The C++ Standard places certain requirements on the construction and destruction of objects with static storage duration, and the ARM C++ compiler uses the .init_array area to achieve this.

The .init_array area is a const data array of self-relative pointers to functions. For example, you might have the following C++ translation unit, contained in the file test.cpp:
struct T
{
    T();
    ~T();
} t;
int f()
{
    return 4;
}
int i = f();
This translates into the following pseudocode:
      AREA ||.text||, CODE, READONLY
 int f()
 {
   return 4;
 }
 static void __sti___8_test_cpp
 {
   // construct 't' and register its destruction
   __aeabi_atexit(T::T(&t), &T::~T, &__dso_handle);
   i = f();
 }
      AREA ||.init_array||, DATA, READONLY
      DCD __sti___8_test_cpp - {PC}
      AREA ||.data||, DATA
  t   % 4
  i   % 4
This pseudocode is for illustration only. To see the code that is generated, compile the C++ source code with armcc -c --cpp -S.
The linker collects each .init_array from the various translation units together.
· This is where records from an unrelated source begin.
lemma vert_act_Ghat:
  assumes M: "mat_det M \<noteq> 0"
  shows "vert_act M \<in> Ghat v e"
proof -
  have "bij_betw (vert_act M) (tree_V v) (tree_V v)"
    by (rule bij_betw_byWitness[where f' = "vert_act (mat_inv M)"])
      (auto simp: M vert_act_inv vert_act_inv' vert_act_tree_V mat_det_inv)
  then have "vert_act M \<in> tree_Aut v"
    unfolding tree_Aut_def using tree_d_vert_act[OF M] by blast
  \<comment> \<open>\<open>vert_act M\<close> is its own local witness on every ball\<close>
  then show ?thesis
    unfolding Ghat_def PGL2_tree_def using M by blast
qed

lemma same_end_of_tails:
  assumes "\<And>n. y (i1 + n) = f (j1 + n)" "\<And>n. z (i2 + n) = f (j2 + n)"
  shows "same_end y z"
  unfolding same_end_def
proof (intro exI allI)
  fix n
  have "y (i1 + (j2 - j1) + n) = f (max j1 j2 + n)"
    using assms(1)[of "j2 - j1 + n"] by (simp add: add.assoc max_def)
  also have "\<dots> = z (i2 + (j1 - j2) + n)"
    using assms(2)[of "j1 - j2 + n"] by (simp add: add.assoc max_def)
  finally show "y (i1 + (j2 - j1) + n) = z (i2 + (j1 - j2) + n)" .
qed

end

theorem mainTheorem8:
  fixes v :: "'a::field \<Rightarrow> int" and e :: nat and x0 :: "('a \<times> 'a) set set"
  assumes "nonarch_local_field v"
    and "1 \<le> e"
    and "x0 \<in> tree_V v"
  shows "\<forall>y z. tree_ray v y \<longrightarrow> tree_ray v z \<longrightarrow>
           (\<exists>g\<in>Ghat v e. g x0 = x0 \<and> same_end (g \<circ> y) z)"
proof (intro allI impI)
  interpret local_field v
    using assms(1) by unfold_locales
  fix y z
  assume y: "tree_ray v y" and z: "tree_ray v z"
  obtain m1 m2 where m: "det2 m1 m2 \<noteq> 0" "x0 = hclass (lat m1 m2)"
    using assms(3) by (rule tree_V_latE)
  obtain w1 b1 i1 j1 where Y: "det2 w1 b1 \<noteq> 0" "lat w1 b1 = lat m1 m2"
    "\<And>n. y (i1 + n) = hclass (lat w1 (smul2 (unif ^ (j1 + n)) b1))"
    using ray_eventually_in_basis[OF y m(1)] by blast
  obtain w2 b2 i2 j2 where Z: "det2 w2 b2 \<noteq> 0" "lat w2 b2 = lat m1 m2"
    "\<And>n. z (i2 + n) = hclass (lat w2 (smul2 (unif ^ (j2 + n)) b2))"
    using ray_eventually_in_basis[OF z m(1)] by blast
  obtain M where M: "mat_det M \<noteq> 0" "mat_act M w1 = w2" "mat_act M b1 = b2"
    using basis_transfer_matrix[OF Y(1) Z(1)] by blast
  have "vert_act M x0 = x0"
    using m(2) Y(2) Z(2) M by (metis vert_act_lat)
  moreover have "same_end (vert_act M \<circ> y) z"
  proof (rule same_end_of_tails[where f = "\<lambda>k. hclass (lat w2 (smul2 (unif ^ k) b2))"])
    show "(vert_act M \<circ> y) (i1 + n) = hclass (lat w2 (smul2 (unif ^ (j1 + n)) b2))" for n
      using Y(3) M by (simp add: vert_act_lat mat_act_smul2)
    show "z (i2 + n) = hclass (lat w2 (smul2 (unif ^ (j2 + n)) b2))" for n
      by (rule Z(3))
  qed
  ultimately show "\<exists>g\<in>Ghat v e. g x0 = x0 \<and> same_end (g \<circ> y) z"
    using vert_act_Ghat[OF M(1)] by blast
qed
It is important that the .init_array is accumulated in the same order.
The library routine __cpp_initialize__aeabi_ is called from the C library startup code, __rt_lib_init, before main. __cpp_initialize__aeabi_ walks through the .init_array calling each function in turn. On exit, __rt_lib_shutdown calls __cxa_finalize.
Usually, there is at most one function call for T::T(), symbol reference _ZN1TC1Ev, one function call for T::~T(), symbol reference _ZN1TD1Ev, one __sti__ function, and four bytes of .init_array for each translation unit. The symbol reference for the function f() is _Z1fv. There is no way to determine the initialization order between translation units.
Function-local static objects with destructors are also handled using __aeabi_atexit.
.init_array sections must be placed contiguously within the same region for their base and limit symbols to be accessible. If they are not, the linker generates an error.